(MATERIAL FOR THIS TASK)
lemma good_pair_of_card_eq_3:
  assumes "V \<noteq> {}" "is_part V E A" "card A = 3" "u \<in> A" "v \<in> A" "u \<noteq> v"
    and maxpair: "\<forall>x\<in>A. \<forall>y\<in>A. x \<noteq> y \<longrightarrow> card (L x \<inter> L y) \<le> card (L u \<inter> L v)"
    and lists: "\<forall>x\<in>V. finite (L x) \<and> m \<le> card (L x)"
    and colors: "card (\<Union>x\<in>V. L x) < card V" and m: "card V + card P \<le> 3 * m + 1"
  shows "good_pair V E L A u v"
proof -
  have AV: "A \<subseteq> V" using part_subset is_part_imp_mem_P[OF assms(1,2)] by blast
  have "3 * m \<le> card (\<Union>w\<in>A. L w) + 3 * card (L u \<inter> L v)"
    using card_three_lists_le[OF assms(3)] lists AV maxpair by blast
  moreover have "card (\<Union>w\<in>A. L w) \<le> card (\<Union>x\<in>V. L x)"
    using card_UN_mono[OF finite_V _ AV, of L] lists by simp
  moreover have "num_parts_of_size V E 1 + num_parts_of_size V E 4 < card P"
    using num_parts_of_size_add_less[OF assms(1,2)] assms(3) by simp
  ultimately have "num_parts_of_size V E 1 + num_parts_of_size V E 4 + 1 \<le> 3 * card (L u \<inter> L v)"
    using colors m by linarith
  then show ?thesis unfolding good_pair_def using assms(3-6) by simp
qed

end
(* Let $\tau,t\in\mathbb{R}$ and let $\beta_n=\beta_n(\tau,t)$ be the recurrence coefficients of the monic orthogonal polynomials for the weight $\omega(x;\tau,t)=\exp(-x^6+\tau x^4+tx^2)$ on $\mathbb{R}$. Then for $n\ge1$ \begin{align*} 6\beta_n\big(&\beta_{n-2}\beta_{n-1}+\beta_{n-1}^2+2\beta_{n-1}\beta_n+\beta_{n-1}\beta_{n+1}+\beta_n^2+2\beta_n\beta_{n+1}+\beta_{n+1}^2+\beta_{n+1}\beta_{n+2}\big)\\ &-4\tau\beta_n(\beta_{n-1}+\beta_n+\beta_{n+1})-2t\beta_n=n. \end{align*}
   Context: The monic orthogonal polynomials satisfy $P_{n+1}(x)=xP_n(x)-\beta_nP_{n-1}(x)$ with $P_{-1}=0$, $P_0=1$, where $\beta_n>0$ for $n\ge1$. The convention $\beta_0=\beta_{-1}=0$ is used. *)

theory Defs
  imports "HOL-Analysis.Analysis" "HOL-Computational_Algebra.Polynomial"
begin

definition weight :: "real \<Rightarrow> real \<Rightarrow> real \<Rightarrow> real" where
  "weight \<tau> t x = exp (- (x ^ 6) + \<tau> * x ^ 4 + t * x ^ 2)"

definition wip :: "real \<Rightarrow> real \<Rightarrow> real poly \<Rightarrow> real poly \<Rightarrow> real" where
  "wip \<tau> t p q = (\<integral>x. poly p x * poly q x * weight \<tau> t x \<partial>lborel)"

definition is_mop :: "real \<Rightarrow> real \<Rightarrow> nat \<Rightarrow> real poly \<Rightarrow> bool" where
  "is_mop \<tau> t n p \<longleftrightarrow> degree p = n \<and> lead_coeff p = 1 \<and>
     (\<forall>k<n. wip \<tau> t p (monom 1 k) = 0)"

definition mop :: "real \<Rightarrow> real \<Rightarrow> nat \<Rightarrow> real poly" where
  "mop \<tau> t n = (THE p. is_mop \<tau> t n p)"

definition beta :: "real \<Rightarrow> real \<Rightarrow> int \<Rightarrow> real" where
  "beta \<tau> t n = (if n \<le> 0 then 0 else
     (THE b. mop \<tau> t (nat n + 1) = [:0, 1:] * mop \<tau> t (nat n) - smult b (mop \<tau> t (nat n - 1))))"

end

theory Submission
  imports Defs "HOL-Probability.Distributions" "HOL-Complex_Analysis.Residue_Theorem"
    "HOL-Real_Asymp.Real_Asymp"
begin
(End MATERIAL FOR THIS TASK)
**EXERCISE BRIEF**
The lines of the records that contain the string "forall" should be located and copied.

**YOUR SOLUTION**
    and maxpair: "\<forall>x\<in>A. \<forall>y\<in>A. x \<noteq> y \<longrightarrow> card (L x \<inter> L y) \<le> card (L u \<inter> L v)"
    and lists: "\<forall>x\<in>V. finite (L x) \<and> m \<le> card (L x)"
     (\<forall>k<n. wip \<tau> t p (monom 1 k) = 0)"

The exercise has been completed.